Может, оно, конечно, не так плохо в конце вышло, а только народу нашему кудеярскому бунтовать никак нельзя, это у нас даже малые ребята знают. А тут такой катаклизм получился – страшно, аж жуть. Но ничего, мы народ привычный. В таком месте живем, в городе Кудеяре, и к лицу города, мэра Кондрат Кузьмича нашего, по фамилии Кащея, совершенно обвычные. Уж и не упомним, когда он у нас объявился, будто всегда тут сидел. Старожилы и те ум за разум заплетают, вспоминаючи, когда у Кудеяра другое лицо было. Да говорят, было все ж, при царях-батюшках еще. Но в те давние времена Кудеяр вовсе не городом звался, а селом Кудеяровкой. Только, верно, нам, кудеяровичам, и тогда бунтовать никак нельзя было, затем что лихой мы народ. Чуть не каждый в прародителях Соловья-разбойника числит. А живем мы в вотчине его, Соловушки, в тех самых лесах, а вокруг те самые болота, а на болотах избушки потайные стоят, и в них самые лихие-то и прячутся от света дневного да глаза людского. Верней, от ока отеческого, мэра кудеярского, Кащея нашего. Да напрасно прячутся, у Кондрат Кузьмича око всевидящее, недремлющее, и порядок у него во всем наведен.
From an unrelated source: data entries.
(* For $n\ge0$ let $A_n=\sum_{r=0}^n n!/r!$ (so $A_n/n!=\sum_{r=0}^n 1/r!$), let $d_n=\gcd(A_n,n!)$, let $N_n=A_n/d_n$ be the numerator of $\sum_{r=0}^n1/r!$ in lowest terms, and let $R_n=\gcd(N_n,N_{n+2})$. Let $$P^{\ast}=\{p \text{ prime} : 0!-1!+2!-3!+\cdots+(-1)^{p-1}(p-1)!\equiv 0 \pmod p\}.$$ Then the terms of the sequence $R_0,R_1,\dots$ are ones and all the primes of $P^\ast$. More precisely: $R_1=2$; for every odd $p\in P^{\ast}$, $R_{p-3}=p$; and $R_n=1$ for all other $n\ge 0$. *)

theory Defs
  imports "HOL-Computational_Algebra.Primes"
begin

definition A :: "nat \<Rightarrow> nat" where
  "A n = (\<Sum>r=0..n. fact n div fact r)"

definition d :: "nat \<Rightarrow> nat" where
  "d n = gcd (A n) (fact n)"

definition N :: "nat \<Rightarrow> nat" where
  "N n = A n div d n"

definition R :: "nat \<Rightarrow> nat" where
  "R n = gcd (N n) (N (n + 2))"

definition Pstar :: "nat set" where
  "Pstar = {p. prime p \<and> (\<Sum>k<p. (-1::int) ^ k * fact k) mod int p = 0}"

end

theory Submission
  imports Defs "HOL-Number_Theory.Cong"
begin

text \<open>
  From \<open>A (n + 1) = (n + 1) A n + 1\<close> we get \<open>A (n + 2) = (n + 2)(n + 1) A n + (n + 3)\<close>,
  so \<open>R n\<close>, a common divisor of \<open>A n\<close> and \<open>A (n + 2)\<close>, divides \<open>n + 3\<close>.

  If \<open>n + 3 \<ge> 6\<close> is composite, it divides \<open>n!\<close>. A prime \<open>q\<close> dividing \<open>R n\<close> divides the
  reduced numerators \<open>N n\<close> and \<open>N (n + 2)\<close>, so \<open>q\<^sup>k | n!\<close> forces \<open>q\<^sup>k\<^sup>+\<^sup>1\<close> to divide
  \<open>A n\<close> and \<open>A (n + 2)\<close>, hence \<open>n + 3\<close>, hence \<open>n!\<close>. Every power of \<open>q\<close> would divide \<open>n!\<close>.

  If \<open>p = n + 3\<close> is prime, then \<open>R n \<in> {1, p}\<close>, and \<open>R n = p\<close> exactly when \<open>p | A (p - 1)\<close>.
  Since \<open>(p - 1)!/r! \<equiv> (-1)\<^sup>p\<^sup>-\<^sup>1\<^sup>-\<^sup>r (p - 1 - r)! (mod p)\<close>, \<open>A (p - 1)\<close> is congruent to
  \<open>0! - 1! + 2! - \<dots> \<plusminus> (p - 1)!\<close>, so this happens exactly for \<open>p \<in> P\<^sup>*\<close>.
\<close>

lemma A_0 [simp]: "A 0 = 1"
  by (simp add: A_def)

lemma A_Suc: "A (Suc n) = Suc n * A n + 1"
proof -
  have "A (Suc n) = (\<Sum>r=0..n. fact (Suc n) div fact r) + 1"
    by (simp add: A_def)
  also have "(\<Sum>r=0..n. fact (Suc n) div fact r) = (\<Sum>r=0..n. Suc n * (fact n div fact r :: nat))"
    by (intro sum.cong refl) (simp add: fact_dvd div_mult_swap)
  finally show ?thesis by (simp add: A_def sum_distrib_left)
qed

lemma A_add_two: "A (n + 2) = (n + 2) * (n + 1) * A n + (n + 3)"
  by (simp add: A_Suc[of "Suc n"] A_Suc[of n] algebra_simps)

lemma A_cong_partial_alternating_fact_sum:
  assumes "j \<le> n"
  shows "[int (A n) = (\<Sum>k<j. (-1) ^ k * fact k) + (-1) ^ j * fact j * int (A (n - j))] (mod int (Suc n))"
  using assms
proof (induction j)
  case 0
  show ?case by simp
next
  case (Suc j)
  have "int (A (n - j)) = int (n - j) * int (A (n - Suc j)) + 1"
    using Suc.prems A_Suc[of "n - Suc j"] by (simp add: Suc_diff_Suc)
  moreover have "[int (n - j) = - int (Suc j)] (mod int (Suc n))"
    \<comment> \<open>each unrolling of the recurrence thus contributes one alternating factorial\<close>
    using Suc.prems by (simp add: cong_iff_dvd_diff add.commute)
  ultimately have "[(-1) ^ j * fact j * int (A (n - j))
      = (-1) ^ j * fact j * (- int (Suc j) * int (A (n - Suc j)) + 1)] (mod int (Suc n))"
    by (auto intro!: cong_mult cong_add)
  also have "(-1) ^ j * fact j * (- int (Suc j) * int (A (n - Suc j)) + 1)
      = (-1) ^ j * fact j + (-1) ^ Suc j * fact (Suc j) * int (A (n - Suc j))"
    by (simp add: algebra_simps)
  finally have step: "[(-1) ^ j * fact j * int (A (n - j))
      = (-1) ^ j * fact j + (-1) ^ Suc j * fact (Suc j) * int (A (n - Suc j))] (mod int (Suc n))" .
  have "[int (A n) = (\<Sum>k<j. (-1) ^ k * fact k) + (-1) ^ j * fact j * int (A (n - j))] (mod int (Suc n))"
    using Suc by simp
  also note cong_add[OF cong_refl step]
  finally show ?case by (simp add: add_diff_eq add.assoc)
qed

lemma A_pred_cong_alternating_fact_sum:
  assumes "p > 0"
  shows "[int (A (p - 1)) = (\<Sum>k<p. (-1) ^ k * fact k)] (mod int p)"
proof -
  obtain n where p: "p = Suc n"
    using assms by (cases p) auto
  show ?thesis
    using A_cong_partial_alternating_fact_sum[of n n] by (simp add: p)
qed

lemma prime_in_Pstar_iff:
  assumes "prime p"
  shows "p \<in> Pstar \<longleftrightarrow> p dvd A (p - 1)"
proof -
  have "int p dvd int (A (p - 1)) \<longleftrightarrow> int p dvd (\<Sum>k<p. (-1) ^ k * fact k)"
    using A_pred_cong_alternating_fact_sum[OF prime_gt_0_nat[OF assms]] by (rule cong_dvd_iff)
  then have "p dvd A (p - 1) \<longleftrightarrow> int p dvd (\<Sum>k<p. (-1) ^ k * fact k)"
    by (simp only: int_dvd_int_iff)
  with assms show ?thesis
    unfolding Pstar_def mem_Collect_eq by (metis dvd_eq_mod_eq_0)
qed

lemma A_eq_d_mult_N: "A n = d n * N n"
  by (simp add: N_def d_def)

lemma R_dvd_add_three: "R n dvd n + 3"
proof -
  have "R n dvd N n" "R n dvd N (n + 2)"
    by (simp_all add: R_def)
  then have "R n dvd A n" "R n dvd A (n + 2)"
    by (simp_all add: A_eq_d_mult_N)
  then show ?thesis
    by (metis A_add_two dvd_add_right_iff dvd_mult)
qed

lemma prime_dvd_div_gcd:
  fixes a b p :: nat
  assumes "prime p" "p dvd a" "\<not> p dvd b"
  shows "p dvd a div gcd a b"
proof -
  have "p dvd gcd a b * (a div gcd a b)"
    using assms(2) by simp
  moreover have "\<not> p dvd gcd a b"
    using assms(3) by (meson dvd_trans gcd_dvd2)
  ultimately show ?thesis
    using assms(1) prime_dvd_mult_iff by blast
qed

lemma power_Suc_dvd_if_dvd_div_gcd:
  fixes a b q :: nat
  assumes "q dvd a div gcd a b"
  shows "q ^ k dvd b \<Longrightarrow> q ^ Suc k dvd a"
proof (induction k)
  case 0
  have "a div gcd a b dvd a"
    by (metis dvd_div_mult_self dvd_triv_left gcd_dvd1)
  with assms show ?case
    by (simp add: dvd_trans)
next
  case (Suc k)
  have "q ^ k dvd b"
    using Suc.prems by (simp add: dvd_mult_right)
  with Suc have "q ^ Suc k dvd gcd a b"
    by simp
  then have "q ^ Suc k * q dvd gcd a b * (a div gcd a b)"
    using assms by (rule mult_dvd_mono)
  then show ?case
    by (simp add: mult.commute)
qed

lemma mult_dvd_fact:
  fixes x y :: nat
  assumes "0 < x" "x < y"
  shows "x * y dvd fact y"
proof -
  have "x dvd fact (y - 1)"
    using assms by (intro dvd_fact) auto
  then have "x * y dvd fact (y - 1) * y"
    by simp
  also have "fact (y - 1) * y = fact y"
    using assms by (simp add: fact_reduce[of y] mult.commute)
  finally show ?thesis .
qed

lemma composite_dvd_fact_minus_three:
  fixes c :: nat
  assumes "\<not> prime c" "6 \<le> c"
  shows "c dvd fact (c - 3)"
proof -
  obtain a b where c: "c = a * b" "2 \<le> a" "a \<le> b"
  proof -
    obtain m where m: "m dvd c" "m \<noteq> 1" "m \<noteq> c"
      using assms prime_nat_iff by auto
    then obtain k where k: "c = m * k"
      by blast
    have "m \<noteq> 0" "k \<noteq> 0"
      using k assms(2) by (auto intro: ccontr)
    moreover have "k \<noteq> 1"
      using m k by auto
    ultimately have "2 \<le> m" "2 \<le> k"
      using m by auto
    then show ?thesis
      using that[of "min m k" "max m k"] k by (simp add: min_def max_def mult.commute)
  qed
  show ?thesis
  proof (cases "a = b")
    case False
    have "2 * b \<le> c" "3 \<le> b"
      using c False by simp_all
    then have "b \<le> c - 3"
      by linarith
    moreover have "c dvd fact b"
      using c False mult_dvd_fact[of a b] by simp
    ultimately show ?thesis
      by (meson dvd_trans fact_dvd)
  next
    case True
    have "3 \<le> a"
      using c True assms(2) by (cases "a = 2") auto
    then have "3 * a \<le> c"
      using c True by simp
    then have "2 * a \<le> c - 3"
      using \<open>3 \<le> a\<close> by linarith
    moreover have "c dvd a * (2 * a)"
      using c True by simp
    moreover have "a * (2 * a) dvd fact (2 * a)"
      using \<open>3 \<le> a\<close> by (intro mult_dvd_fact) auto
    ultimately show ?thesis
      by (meson dvd_trans fact_dvd)
  qed
qed

lemma power_Suc_dvd_add_three_if_dvd_R:
  assumes "q dvd R n" "q ^ k dvd fact n"
  shows "q ^ Suc k dvd n + 3"
proof -
  have "q dvd A n div gcd (A n) (fact n)" "q dvd A (n + 2) div gcd (A (n + 2)) (fact (n + 2))"
    using assms(1) by (simp_all add: R_def N_def d_def)
  moreover have "q ^ k dvd fact (n + 2)"
    using assms(2) by (meson dvd_trans fact_dvd le_add1)
  ultimately have "q ^ Suc k dvd A n" "q ^ Suc k dvd A (n + 2)"
    using assms(2) power_Suc_dvd_if_dvd_div_gcd by blast+
  then show ?thesis
    by (metis A_add_two dvd_add_right_iff dvd_mult)
qed

lemma R_eq_one_if_composite:
  assumes "\<not> prime (n + 3)" "n \<noteq> 1"
  shows "R n = 1"
proof (rule ccontr)
  assume "R n \<noteq> 1"
  then obtain q where q: "prime q" "q dvd R n"
    using prime_factor_nat by blast
  have "prime (3::nat)" "prime (5::nat)"
    by simp_all
  with assms(1) have "n + 3 \<noteq> 3" "n + 3 \<noteq> 5"
    by metis+
  with assms have "n + 3 dvd fact n"
    using composite_dvd_fact_minus_three[of "n + 3"] by simp
  have "q ^ k dvd fact n" for k
  proof (induction k)
    case 0
    show ?case by simp
  next
    case (Suc k)
    with q(2) \<open>n + 3 dvd fact n\<close> show ?case
      by (meson dvd_trans power_Suc_dvd_add_three_if_dvd_R)
  qed
  then have "q ^ fact n \<le> fact n"
    by (simp add: dvd_imp_le)
  moreover have "fact n < (2::nat) ^ fact n"
    by (rule less_exp)
  moreover have "(2::nat) ^ fact n \<le> q ^ fact n"
    using prime_ge_2_nat[OF q(1)] by (rule power_mono) simp
  ultimately show False
    by simp
qed

lemma R_eq_one_if_prime_not_Pstar:
  assumes "prime (n + 3)" "n + 3 \<notin> Pstar"
  shows "R n = 1"
proof -
  have "\<not> n + 3 dvd A (n + 2)"
    using prime_in_Pstar_iff[OF assms(1)] assms(2) by simp
  moreover have "R n dvd A (n + 2)"
    unfolding R_def A_eq_d_mult_N by (meson dvd_mult dvd_trans gcd_dvd2)
  ultimately have "R n \<noteq> n + 3"
    by auto
  with assms(1) R_dvd_add_three[of n] show ?thesis
    unfolding prime_nat_iff by blast
qed

lemma R_prime_minus_three:
  assumes "p \<in> Pstar" "odd p"
  shows "R (p - 3) = p"
proof -
  have "prime p"
    using assms(1) by (simp add: Pstar_def)
  then have "p \<noteq> 2"
    using assms(2) by auto
  with prime_ge_2_nat[OF \<open>prime p\<close>] have "3 \<le> p"
    by linarith
  then obtain n where p: "p = n + 3"
    by (metis add.commute le_Suc_ex)
  have "p dvd A (n + 2)"
    using assms(1) prime_in_Pstar_iff[OF \<open>prime p\<close>] by (simp add: p)
  then have "p dvd (n + 2) * (n + 1) * A n"
    by (metis A_add_two dvd_add_left_iff dvd_refl p)
  moreover have "\<not> p dvd n + 2" "\<not> p dvd n + 1"
    by (auto simp: p dest: dvd_imp_le)
  ultimately have "p dvd A n"
    using \<open>prime p\<close> prime_dvd_mult_iff by blast
  moreover have "\<not> p dvd fact n" "\<not> p dvd fact (n + 2)"
    using \<open>prime p\<close> by (simp_all add: prime_dvd_fact_iff p del: fact_Suc)
  ultimately have "p dvd N n" "p dvd N (n + 2)"
    using \<open>p dvd A (n + 2)\<close> \<open>prime p\<close> by (simp_all add: N_def d_def prime_dvd_div_gcd)
  then have "p dvd R n"
    by (simp add: R_def)
  with R_dvd_add_three[of n] show ?thesis
    by (simp add: p dvd_antisym)
qed

lemma R_one: "R 1 = 2"
proof -
  have "A 1 = 2" "A 3 = 16"
    using A_Suc[of 0] A_add_two[of 1] by (simp_all add: numeral_eq_Suc)
  moreover have "fact 3 = (6::nat)"
    by (simp add: fact_numeral)
  ultimately have "N 1 = 2" "N 3 = 8"
    by (simp_all add: N_def d_def gcd_non_0_nat)
  then show ?thesis
    by (simp add: R_def numeral_3_eq_3)
qed

theorem theorem5p1:
  shows "R 1 = 2
    \<and> (\<forall>p \<in> Pstar. odd p \<longrightarrow> R (p - 3) = p)
    \<and> (\<forall>n. n \<noteq> 1 \<and> \<not> (\<exists>p \<in> Pstar. odd p \<and> n = p - 3) \<longrightarrow> R n = 1)"
proof (intro conjI ballI allI impI)
  show "R 1 = 2"
    by (rule R_one)
  show "R (p - 3) = p" if "p \<in> Pstar" "odd p" for p
    using that by (rule R_prime_minus_three)
  fix n
  assume n: "n \<noteq> 1 \<and> \<not> (\<exists>p \<in> Pstar. odd p \<and> n = p - 3)"
  show "R n = 1"
  proof (cases "prime (n + 3)")
    case True
    then have "odd (n + 3)"
      by (rule prime_odd_nat) simp
    moreover have "n = (n + 3) - 3"
      by simp
    ultimately have "n + 3 \<notin> Pstar"
      using n by blast
    with True show ?thesis
      by (rule R_eq_one_if_prime_not_Pstar)
  next
    case False
    with n show ?thesis
      by (simp add: R_eq_one_if_composite)
  qed
qed

end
Только с душами человеческими, вылезающими из трубы крематория, непорядок выходил. А Кондрат Кузьмич порядок любил и больше всего уважал. Больше же всего не любил и совсем не уважал чужие порядки, учиняемые в его владениях. Настроение тогда сразу в нем обрывалось, в грудях свербеть да чесаться начинало, и зубы, сверху золотые, снизу костяные, беспризорно клацать принимались. Вот до чего порядок любил. А то какой это порядок, когда в крематории заживо кого-то палят, а мэру о том – кого и за какие грехи – совсем ничего не ведомо. Прямое беспардонство.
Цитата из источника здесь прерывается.